Details
-
Bug
-
Resolution: Cannot Reproduce
-
Major
-
None
-
Lustre 2.3.0, Lustre 2.1.1, Lustre 2.1.3
-
None
-
4
-
5821
Description
We get OSS crash on any attempt to write data to our Lustre FS. The file system is created from scratch with version 2.1.3 package. We have tried all kernel version from the Env. field.
Initially I thought this was a kernel bug fixed in RHEL kernels-2.6.32-279.10.1.el6
- [kernel] sched: fix divide by zero at
{thread_group,task}
_times (Stanislaw Gruszka) [856703 843771]

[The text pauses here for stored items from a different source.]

theorem lemma2p16:
  fixes Phi :: "'a::euclidean_space \<Rightarrow> 'b::euclidean_space set"
    and xb :: 'a and yb :: 'b and u :: 'a and \<gamma> :: real
  assumes "(xb, yb) \<in> gph Phi"
    and "\<exists>r>0. closed (gph Phi \<inter> cball (xb, yb) r)"
    and "norm u = 1"
    and "\<gamma> \<ge> 1"
    and "ker_sv (pseudo_coderivative \<gamma> Phi xb yb u 0) \<subseteq> {0}"
  shows "metrically_pseudo_subregular \<gamma> Phi xb yb u"
proof (rule ccontr)
  assume "\<not> metrically_pseudo_subregular \<gamma> Phi xb yb u"
  moreover obtain r where "r > 0" "closed (gph Phi \<inter> cball (xb, yb) r)" using assms(2) by blast
  ultimately obtain U V T XS YS where "U \<longlonglongrightarrow> u" "V \<longlonglongrightarrow> 0" "\<forall>k. T k > 0" "T \<longlonglongrightarrow> 0"
    "XS \<longlonglongrightarrow> 0" "\<forall>k. norm (YS k) = 1"
    "\<forall>k. (XS k, - (1 / (T k * norm (U k)) powr (\<gamma> - 1)) *\<^sub>R YS k)
      \<in> regular_normal_cone (gph Phi) (xb + T k *\<^sub>R U k, yb + ((T k * norm (U k)) powr \<gamma>) *\<^sub>R V k)"
    using pseudo_normal_sequences_of_not_subregular assms(1,3,4) by metis
  then obtain l where "norm l = 1" "l \<in> ker_sv (pseudo_coderivative \<gamma> Phi xb yb u 0)"
    by (rule unit_kernel_element_of_pseudo_normals)
  with assms(5) show False by auto
qed

end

On write attempt we get OSS crashes with the following console message :
divide error: 0000 1 SMP
last sysfs file: /sys/devices/system/cpu/cpu7/cache/index2/shared_cpu_map
CPU 7
Modules linked in: obdfilter(U) fsfilt_ldiskfs(U) ost(U) mgc(U) ldiskfs(U) lustre(U) lov(U) osc(U) lquota(U) mdc(U) fid(U) fld(U) ksocklnd(U) ptlrpc(U) obdclass(U) lnet(U) lvfs(U) libcfs(U) nfs fscache xt_multiport nfsd lockd nfs_acl auth_rpcgss exportfs autofs4 sunrpc ipt_REJECT nf_conntrack_ipv4 nf_defrag_ipv4 xt_state nf_conntrack iptable_filter ip_tables ip6t_REJECT ip6table_filter ip6_tables ipv6 power_meter dcdbas microcode serio_raw ixgbe dca mdio k10temp amd64_edac_mod edac_core edac_mce_amd i2c_piix4 i2c_core sg ses enclosure bnx2 ext4 mbcache jbd2 sr_mod cdrom sd_mod crc_t10dif ahci qla2xxx scsi_transport_fc scsi_tgt megaraid_sas dm_mirror dm_region_hash dm_log dm_mod [last unloaded: mperf]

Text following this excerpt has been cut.